(Collected data entries)
==*==

lemma prob_few_positive_rows_init_le:
  fixes g :: "real^'d^'d \<Rightarrow> real^'d::finite"
  assumes "\<sigma> > 0" and g: "g \<in> borel_measurable borel" and "\<And>Z. g Z \<noteq> 0"
  shows "measure (init_space \<sigma> m)
           {\<omega> \<in> space (init_space \<sigma> m). real (card (positive_rows \<omega> m a (g (Zmat \<omega>)))) < 0.4 * real m}
         \<le> exp (- real m / 50)"
proof -
  let ?M = "\<lambda>_::'d pkey. gauss \<sigma>"
  let ?P = "init_space \<sigma> m"
  let ?W = "PiM (W_keys m) ?M"
  let ?Z = "PiM Z_keys ?M"
  define A where "A = {\<omega> \<in> space ?P. real (card (positive_rows \<omega> m a (g (Zmat \<omega>)))) < 0.4 * real m}"
  have P_eq: "?P = PiM (Z_keys \<union> W_keys m) ?M" by (simp add: init_space_def init_keys_eq)
  interpret P: prob_space ?P using \<open>\<sigma> > 0\<close> by (rule prob_space_init_space)
  interpret Z: prob_space ?Z using \<open>\<sigma> > 0\<close> by (rule prob_space_PiM_gauss)
  interpret W: prob_space ?W using \<open>\<sigma> > 0\<close> by (rule prob_space_PiM_gauss)
  interpret product_sigma_finite ?M
    using prob_space_gauss[OF \<open>\<sigma> > 0\<close>]
    by (simp add: product_sigma_finite_def prob_space_imp_sigma_finite)
  have disjoint: "Z_keys \<inter> W_keys m = {}" by (auto simp: Z_keys_def W_keys_def)
  have "A \<in> sets (PiM (Z_keys \<union> W_keys m) ?M)"
    unfolding A_def P_eq[symmetric] using g by (rule sets_few_positive_rows)
  txt \<open>Fubini over the split into Z- and W-coordinates: once the Z-part is fixed,
    g (Zmat \<omega>) is a fixed nonzero vector.\<close>
  then have "emeasure ?P A
      = (\<integral>\<^sup>+z. emeasure ?W ((\<lambda>w. merge Z_keys (W_keys m) (z, w)) -` A \<inter> space ?W) \<partial>?Z)"
    unfolding P_eq by (rule emeasure_fold_integral[OF disjoint finite_Z_keys finite_W_keys])
  also have "\<dots> \<le> (\<integral>\<^sup>+z. exp (- real m / 50) \<partial>?Z)"
  proof (rule nn_integral_mono)
    fix z assume z: "z \<in> space ?Z"
    have "merge Z_keys (W_keys m) (z, w) \<in> space ?P" if "w \<in> space ?W" for w
      using z that disjoint by (auto simp: P_eq space_PiM PiE_iff gauss_def)
    then have "(\<lambda>w. merge Z_keys (W_keys m) (z, w)) -` A \<inter> space ?W
        = {w \<in> space ?W. real (card (positive_rows w m a (g (Zmat z)))) < 0.4 * real m}"
      unfolding A_def by (auto simp: Zmat_merge positive_rows_merge)
    moreover have "measure ?W \<dots> \<le> exp (- real m / 50)"
      using assms by (intro prob_few_positive_rows_le) (auto simp: W_keys_def)
    ultimately show "emeasure ?W ((\<lambda>w. merge Z_keys (W_keys m) (z, w)) -` A \<inter> space ?W)
        \<le> exp (- real m / 50)"
      by (simp add: W.emeasure_eq_measure)
  qed
  also have "\<dots> = exp (- real m / 50)"
    by (simp add: Z.emeasure_space_1)
  finally show ?thesis
    unfolding A_def[symmetric] by (simp add: P.emeasure_eq_measure)
qed

lemma attn_out_eq_sum:
  fixes Z :: "real^'d^'d::finite" and X :: "(real^'d) list"
  defines "e \<equiv> \<lambda>x. exp (x \<bullet> (Z *v last X) / sqrt (real CARD('d)))"
  shows "attn_out Z X = (\<Sum>n<length X. (e (X ! n) / (\<Sum>k<length X. e (X ! k))) *\<^sub>R X ! n) + last X"
  by (simp add: attn_out_def softmax_def Let_def zip_map1 zip_same_conv_map sum_list_sum_nth
      atLeast0LessThan e_def o_def)

lemma inner_attn_out_last_ge:
  fixes X :: "(real^'d::finite) list"
  assumes "\<And>x. x \<in> set X \<Longrightarrow> 0 \<le> x \<bullet> last X"
  shows "last X \<bullet> last X \<le> attn_out Z X \<bullet> last X"
proof -
  define e where "e x = exp (x \<bullet> (Z *v last X) / sqrt (real CARD('d)))" for x
  define S where "S = (\<Sum>k<length X. e (X ! k))"
  have "attn_out Z X \<bullet> last X = (\<Sum>n<length X. (e (X ! n) / S) *\<^sub>R X ! n \<bullet> last X) + last X \<bullet> last X"
    unfolding attn_out_eq_sum S_def e_def by (simp only: inner_add_left inner_sum_left)
  moreover have "0 \<le> (\<Sum>n<length X. (e (X ! n) / S) *\<^sub>R X ! n \<bullet> last X)"
    using assms by (intro sum_nonneg) (simp add: S_def e_def sum_nonneg)
  ultimately show ?thesis by linarith
qed

lemma attn_out_nonzero:
  assumes "last X \<noteq> 0" and "\<And>x. x \<in> set X \<Longrightarrow> 0 \<le> x \<bullet> last X"
  shows "attn_out Z X \<noteq> 0"
  using inner_attn_out_last_ge[OF assms(2), of Z] assms(1)
  by (metis inner_gt_zero_iff inner_zero_left not_le)

lemma continuous_on_attn_out:
  fixes X :: "(real^'d::finite) list"
  shows "continuous_on UNIV (\<lambda>Z. attn_out Z X)"
proof (cases "X = []")
  case False
  then have "(\<Sum>k<length X. exp (X ! k \<bullet> (Z *v last X) / sqrt (real CARD('d)))) \<noteq> 0" for Z
    by (intro order.strict_implies_not_eq[symmetric] sum_pos) auto
  then show ?thesis
    unfolding attn_out_eq_sum matrix_vector_mult_def
    by (intro continuous_intros) auto
qed (simp add: attn_out_eq_sum)

lemma events_few_positive_rows_in_context:
  fixes x\<^sub>o x\<^sub>s x\<^sub>r :: "real^'d::finite" and a b :: 'd and \<sigma> :: real and m :: nat
  assumes "\<sigma> > 0" and "x\<^sub>s \<noteq> 0" and "x\<^sub>r \<noteq> 0" and "x\<^sub>o \<bullet> x\<^sub>r = 0" and "x\<^sub>s \<bullet> x\<^sub>r = 0"
  defines "E \<equiv> {\<omega> \<in> space (init_space \<sigma> m).
      real (card (positive_rows \<omega> m a x\<^sub>s)) < 0.4 * real m
    \<or> real (card (positive_rows \<omega> m b (attn_out (Zmat \<omega>) [x\<^sub>o, x\<^sub>s, x\<^sub>r]))) < 0.4 * real m}"
  shows "E \<in> sets (init_space \<sigma> m)" and "measure (init_space \<sigma> m) E \<le> 2 * exp (- real m / 50)"
proof -
  let ?P = "init_space \<sigma> m"
  define E\<^sub>s where "E\<^sub>s = {\<omega> \<in> space ?P. real (card (positive_rows \<omega> m a x\<^sub>s)) < 0.4 * real m}"
  define E\<^sub>r where "E\<^sub>r = {\<omega> \<in> space ?P.
    real (card (positive_rows \<omega> m b (attn_out (Zmat \<omega>) [x\<^sub>o, x\<^sub>s, x\<^sub>r]))) < 0.4 * real m}"
  have attn_nonzero: "attn_out Z [x\<^sub>o, x\<^sub>s, x\<^sub>r] \<noteq> 0" for Z
    using assms by (intro attn_out_nonzero) auto
  have attn_measurable: "(\<lambda>Z. attn_out Z [x\<^sub>o, x\<^sub>s, x\<^sub>r]) \<in> borel_measurable borel"
    by (intro borel_measurable_continuous_onI continuous_on_attn_out)
  have "E\<^sub>s \<in> sets ?P"
    unfolding E\<^sub>s_def by (rule sets_few_positive_rows) simp
  moreover have "E\<^sub>r \<in> sets ?P"
    unfolding E\<^sub>r_def using attn_measurable by (rule sets_few_positive_rows)
  moreover have "measure ?P E\<^sub>s \<le> exp (- real m / 50)"
    unfolding E\<^sub>s_def using \<open>\<sigma> > 0\<close> _ \<open>x\<^sub>s \<noteq> 0\<close>
    by (rule prob_few_positive_rows_init_le) simp
  moreover have "measure ?P E\<^sub>r \<le> exp (- real m / 50)"
    unfolding E\<^sub>r_def using \<open>\<sigma> > 0\<close> attn_measurable attn_nonzero
    by (rule prob_few_positive_rows_init_le)
  moreover have "E = E\<^sub>s \<union> E\<^sub>r"
    by (auto simp: E_def E\<^sub>s_def E\<^sub>r_def)
  ultimately show "E \<in> sets ?P" and "measure ?P E \<le> 2 * exp (- real m / 50)"
    using measure_Un_le[of E\<^sub>s ?P E\<^sub>r] by auto
qed

lemma (in prob_space) prob_Diff_UN_ge:
  assumes "finite J" and "\<And>j. j \<in> J \<Longrightarrow> E j \<in> events" and "\<And>j. j \<in> J \<Longrightarrow> prob (E j) \<le> \<epsilon>"
  shows "prob (space M - (\<Union>j\<in>J. E j)) \<ge> 1 - real (card J) * \<epsilon>"
proof -
  have "prob (\<Union>j\<in>J. E j) \<le> (\<Sum>j\<in>J. prob (E j))"
    using assms by (intro finite_measure_subadditive_finite) auto
  also have "\<dots> \<le> real (card J) * \<epsilon>"
    using sum_mono[OF assms(3)] by simp
  finally show ?thesis
    using assms by (simp add: prob_compl sets.finite_UN)
qed

lemma card_Sigma_le:
  assumes "finite A" and "\<And>a. a \<in> A \<Longrightarrow> finite (B a)" and "\<And>a. a \<in> A \<Longrightarrow> card (B a) \<le> K"
  shows "card (Sigma A B) \<le> card A * K"
  using assms sum_bounded_above[of A "\<lambda>a. card (B a)" K] by (simp add: card_SigmaI)

lemma union_bound_le_of_sample_size:
  fixes N K m c :: nat
  assumes "\<delta> > 0" and "c \<le> N * K" and "real m \<ge> 50 * ln (2 * (real N + real N * real K) / \<delta>)"
  shows "real c * (2 * exp (- real m / 50)) \<le> \<delta>"
proof (cases "N * K = 0")
  case False
  define T where "T = 2 * (real N + real N * real K)"
  have "T > 0" "2 * real (N * K) \<le> T"
    using False by (auto simp: T_def add_pos_nonneg)
  have "exp (- real m / 50) \<le> exp (ln (\<delta> / T))"
    using assms \<open>T > 0\<close> by (simp add: T_def ln_div)
  also have "\<dots> = \<delta> / T"
    using \<open>\<delta> > 0\<close> \<open>T > 0\<close> by simp
  finally have "real c * (2 * exp (- real m / 50)) \<le> real (N * K) * (2 * (\<delta> / T))"
    using of_nat_mono[OF \<open>c \<le> N * K\<close>] \<open>\<delta> > 0\<close> \<open>T > 0\<close> by (intro mult_mono) auto
  also have "\<dots> = (2 * real (N * K)) * (\<delta> / T)"
    by simp
  also have "\<dots> \<le> T * (\<delta> / T)"
    using \<open>2 * real (N * K) \<le> T\<close> \<open>\<delta> > 0\<close> \<open>T > 0\<close> by (intro mult_right_mono) auto
  finally show ?thesis
    using \<open>T > 0\<close> by simp
next
  case True
  then have "c = 0"
    using \<open>c \<le> N * K\<close> by auto
  then show ?thesis
    using \<open>\<delta> > 0\<close> by simp
qed

theorem lemma6:
  fixes tv :: "'r tok \<Rightarrow> real^'d::finite"
    and I :: "'r tok \<Rightarrow> 'd"
    and N K m :: nat
    and R :: "'r set"
    and B :: "nat \<Rightarrow> 'r set"
    and \<sigma>0 \<delta> :: real
  assumes nonzero: "\<And>t. t \<in> tokens N R \<Longrightarrow> tv t \<noteq> 0"
    and orth: "\<And>t t'. t \<in> tokens N R \<Longrightarrow> t' \<in> tokens N R \<Longrightarrow> t \<noteq> t' \<Longrightarrow> tv t \<bullet> tv t' = 0"
    and finR: "finite R"
    and Kpos: "K > 0"
    and B_sub: "\<And>j. j \<in> {1..N} \<Longrightarrow> B j \<subseteq> R"
    and B_card: "\<And>j. j \<in> {1..N} \<Longrightarrow> card (B j) \<le> K"
    and sigma_pos: "\<sigma>0 > 0"
    and delta_pos: "\<delta> > 0"
    and m_large: "real m \<ge> 50 * ln (2 * (real N + real N * real K) / \<delta>)"
  shows "measure (init_space \<sigma>0 m)
           {\<omega> \<in> space (init_space \<sigma>0 m).
              \<forall>j\<in>{1..N}. \<forall>k\<in>B j.
                 real (card {i \<in> {..<m}. wrow \<omega> (I (TR k)) i \<bullet> tv (TS j) > 0}) \<ge> 0.4 * real m
               \<and> real (card {i \<in> {..<m}. wrow \<omega> (I (TA j)) i \<bullet>
                    attn_out (Zmat \<omega>) [tv TO, tv (TS j), tv (TR k)] > 0}) \<ge> 0.4 * real m}
         \<ge> 1 - \<delta>"
proof -
  let ?P = "init_space \<sigma>0 m" and ?J = "Sigma {1..N} B"
  define E where "E = (\<lambda>(j, k). {\<omega> \<in> space ?P.
      real (card (positive_rows \<omega> m (I (TR k)) (tv (TS j)))) < 0.4 * real m
    \<or> real (card (positive_rows \<omega> m (I (TA j)) (attn_out (Zmat \<omega>) [tv TO, tv (TS j), tv (TR k)])))
        < 0.4 * real m})"
  interpret P: prob_space ?P using sigma_pos by (rule prob_space_init_space)
  have finite_B: "finite (B j)" if "j \<in> {1..N}" for j
    using B_sub[OF that] finR by (rule finite_subset)
  have "E jk \<in> P.events \<and> P.prob (E jk) \<le> 2 * exp (- real m / 50)" if "jk \<in> ?J" for jk
  proof -
    obtain j k where jk: "jk = (j, k)" and "TO \<in> tokens N R" "TS j \<in> tokens N R" "TR k \<in> tokens N R"
      using \<open>jk \<in> ?J\<close> B_sub by (cases jk) (force simp: tokens_def)
    then show ?thesis
      unfolding jk E_def prod.case
      by (intro conjI events_few_positive_rows_in_context[OF sigma_pos]) (simp_all add: nonzero orth)
  qed
  then have "P.prob (space ?P - (\<Union>jk\<in>?J. E jk)) \<ge> 1 - real (card ?J) * (2 * exp (- real m / 50))"
    using finite_B by (intro P.prob_Diff_UN_ge finite_SigmaI) auto
  moreover have "card ?J \<le> N * K"
    using card_Sigma_le[of "{1..N}" B K] finite_B B_card by simp
  moreover have "space ?P - (\<Union>jk\<in>?J. E jk) = {\<omega> \<in> space ?P. \<forall>j\<in>{1..N}. \<forall>k\<in>B j.
      real (card {i \<in> {..<m}. wrow \<omega> (I (TR k)) i \<bullet> tv (TS j) > 0}) \<ge> 0.4 * real m
    \<and> real (card {i \<in> {..<m}. wrow \<omega> (I (TA j)) i \<bullet>
        attn_out (Zmat \<omega>) [tv TO, tv (TS j), tv (TR k)] > 0}) \<ge> 0.4 * real m}"
    unfolding E_def positive_rows_def by (auto simp flip: not_le)
  ultimately show ?thesis
    using union_bound_le_of_sample_size[OF delta_pos _ m_large] by fastforce
qed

==*==

Line count for the word "wrow": tally the lines in the records that include it and give only the result.

* _RESULT OF THIS TASK_:
4